lemma det_neq_zero_if_quadratic_form_neg:
  fixes M :: "'a :: linordered_idom mat"
  assumes "M \<in> carrier_mat n n" and "\<forall>x \<in> carrier_vec n. x \<noteq> 0\<^sub>v n \<longrightarrow> x \<bullet> (M *\<^sub>v x) < 0"
  shows "det M \<noteq> 0"
proof
  assume "det M = 0"
  then obtain v where "v \<in> carrier_vec n" "v \<noteq> 0\<^sub>v n" "M *\<^sub>v v = 0\<^sub>v n"
    using det_0_iff_vec_prod_zero[OF assms(1)] by blast
  then show False using assms(2) by force
qed

lemma Re_mult_mat_vec_of_real:
  assumes "M \<in> carrier_mat nr n" "v \<in> carrier_vec n"
  shows "map_vec Re (map_mat complex_of_real M *\<^sub>v v) = M *\<^sub>v map_vec Re v"
  using assms by (intro eq_vecI) (auto simp: mult_mat_vec_def scalar_prod_def)

lemma Im_mult_mat_vec_of_real:
  assumes "M \<in> carrier_mat nr n" "v \<in> carrier_vec n"
  shows "map_vec Im (map_mat complex_of_real M *\<^sub>v v) = M *\<^sub>v map_vec Im v"
  using assms by (intro eq_vecI) (auto simp: mult_mat_vec_def scalar_prod_def)

lemma hurwitz_mat_if_quadratic_form_neg:
  assumes M: "M \<in> carrier_mat n n" and neg: "\<forall>x \<in> carrier_vec n. x \<noteq> 0\<^sub>v n \<longrightarrow> x \<bullet> (M *\<^sub>v x) < 0"
  shows "hurwitz_mat M"
  unfolding hurwitz_mat_def
proof (intro conjI allI impI)
  show "\<exists>m. M \<in> carrier_mat m m" using M by blast
  fix k assume "eigenvalue (map_mat complex_of_real M) k"
  then obtain v where v: "v \<in> carrier_vec n" "v \<noteq> 0\<^sub>v n" "map_mat complex_of_real M *\<^sub>v v = k \<cdot>\<^sub>v v"
    unfolding eigenvalue_def eigenvector_def using M by auto
  define a where "a = map_vec Re v"
  define b where "b = map_vec Im v"
  have a: "a \<in> carrier_vec n" and b: "b \<in> carrier_vec n" using v(1) by (auto simp: a_def b_def)
  have "M *\<^sub>v a = map_vec Re (k \<cdot>\<^sub>v v)"
    unfolding a_def v(3)[symmetric] by (rule Re_mult_mat_vec_of_real[OF M v(1), symmetric])
  also have "\<dots> = Re k \<cdot>\<^sub>v a - Im k \<cdot>\<^sub>v b"
    using v(1) unfolding a_def b_def by (intro eq_vecI) auto
  finally have Ma: "M *\<^sub>v a = Re k \<cdot>\<^sub>v a - Im k \<cdot>\<^sub>v b" .
  have "M *\<^sub>v b = map_vec Im (k \<cdot>\<^sub>v v)"
    unfolding b_def v(3)[symmetric] by (rule Im_mult_mat_vec_of_real[OF M v(1), symmetric])
  also have "\<dots> = Re k \<cdot>\<^sub>v b + Im k \<cdot>\<^sub>v a"
    using v(1) unfolding a_def b_def by (intro eq_vecI) (auto simp: algebra_simps)
  finally have Mb: "M *\<^sub>v b = Re k \<cdot>\<^sub>v b + Im k \<cdot>\<^sub>v a" .
  have "a \<noteq> 0\<^sub>v n \<or> b \<noteq> 0\<^sub>v n"
  proof (rule ccontr)
    assume "\<not> (a \<noteq> 0\<^sub>v n \<or> b \<noteq> 0\<^sub>v n)"
    then have "Re (v $ i) = 0 \<and> Im (v $ i) = 0" if "i < n" for i
      using v(1) that unfolding a_def b_def by (metis index_map_vec(1) index_zero_vec(1) carrier_vecD)
    then have "v = 0\<^sub>v n" using v(1) by (intro eq_vecI) (auto simp: complex_eq_iff)
    with v(2) show False ..
  qed
  moreover have "x \<bullet> (M *\<^sub>v x) \<le> 0" if "x \<in> carrier_vec n" for x
    using neg that M by (cases "x = 0\<^sub>v n") force+
  ultimately have "a \<bullet> (M *\<^sub>v a) + b \<bullet> (M *\<^sub>v b) < 0"
    using neg a b by (meson add_neg_nonpos add_nonpos_neg)
  also have "a \<bullet> (M *\<^sub>v a) + b \<bullet> (M *\<^sub>v b) = Re k * (a \<bullet> a + b \<bullet> b)"
    unfolding Ma Mb using a b
    by (simp add: scalar_prod_minus_distrib[of _ n] scalar_prod_add_distrib[of _ n]
        comm_scalar_prod[of a n b] algebra_simps)
  finally have "Re k * (a \<bullet> a + b \<bullet> b) < 0" .
  moreover have "a \<bullet> a + b \<bullet> b \<ge> 0" by (simp add: scalar_prod_def sum_nonneg)
  ultimately show "Re k < 0" by (meson mult_nonneg_nonneg not_less)
qed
◇ ◇ ◇ ◇
**TASK BRIEF**
Using the listing above, return word for word each line from the one that has "unfolding eigenvalue_def eigenvector_def" through the one that has "0 \<and> Im", and no line outside that range.

**EXERCISE RESPONSE**
    unfolding eigenvalue_def eigenvector_def using M by auto
  define a where "a = map_vec Re v"
  define b where "b = map_vec Im v"
  have a: "a \<in> carrier_vec n" and b: "b \<in> carrier_vec n" using v(1) by (auto simp: a_def b_def)
  have "M *\<^sub>v a = map_vec Re (k \<cdot>\<^sub>v v)"
    unfolding a_def v(3)[symmetric] by (rule Re_mult_mat_vec_of_real[OF M v(1), symmetric])
  also have "\<dots> = Re k \<cdot>\<^sub>v a - Im k \<cdot>\<^sub>v b"
    using v(1) unfolding a_def b_def by (intro eq_vecI) auto
  finally have Ma: "M *\<^sub>v a = Re k \<cdot>\<^sub>v a - Im k \<cdot>\<^sub>v b" .
  have "M *\<^sub>v b = map_vec Im (k \<cdot>\<^sub>v v)"
    unfolding b_def v(3)[symmetric] by (rule Im_mult_mat_vec_of_real[OF M v(1), symmetric])
  also have "\<dots> = Re k \<cdot>\<^sub>v b + Im k \<cdot>\<^sub>v a"
    using v(1) unfolding a_def b_def by (intro eq_vecI) (auto simp: algebra_simps)
  finally have Mb: "M *\<^sub>v b = Re k \<cdot>\<^sub>v b + Im k \<cdot>\<^sub>v a" .
  have "a \<noteq> 0\<^sub>v n \<or> b \<noteq> 0\<^sub>v n"
  proof (rule ccontr)
    assume "\<not> (a \<noteq> 0\<^sub>v n \<or> b \<noteq> 0\<^sub>v n)"
    then have "Re (v $ i) = 0 \<and> Im (v $ i) = 0" if "i < n" for i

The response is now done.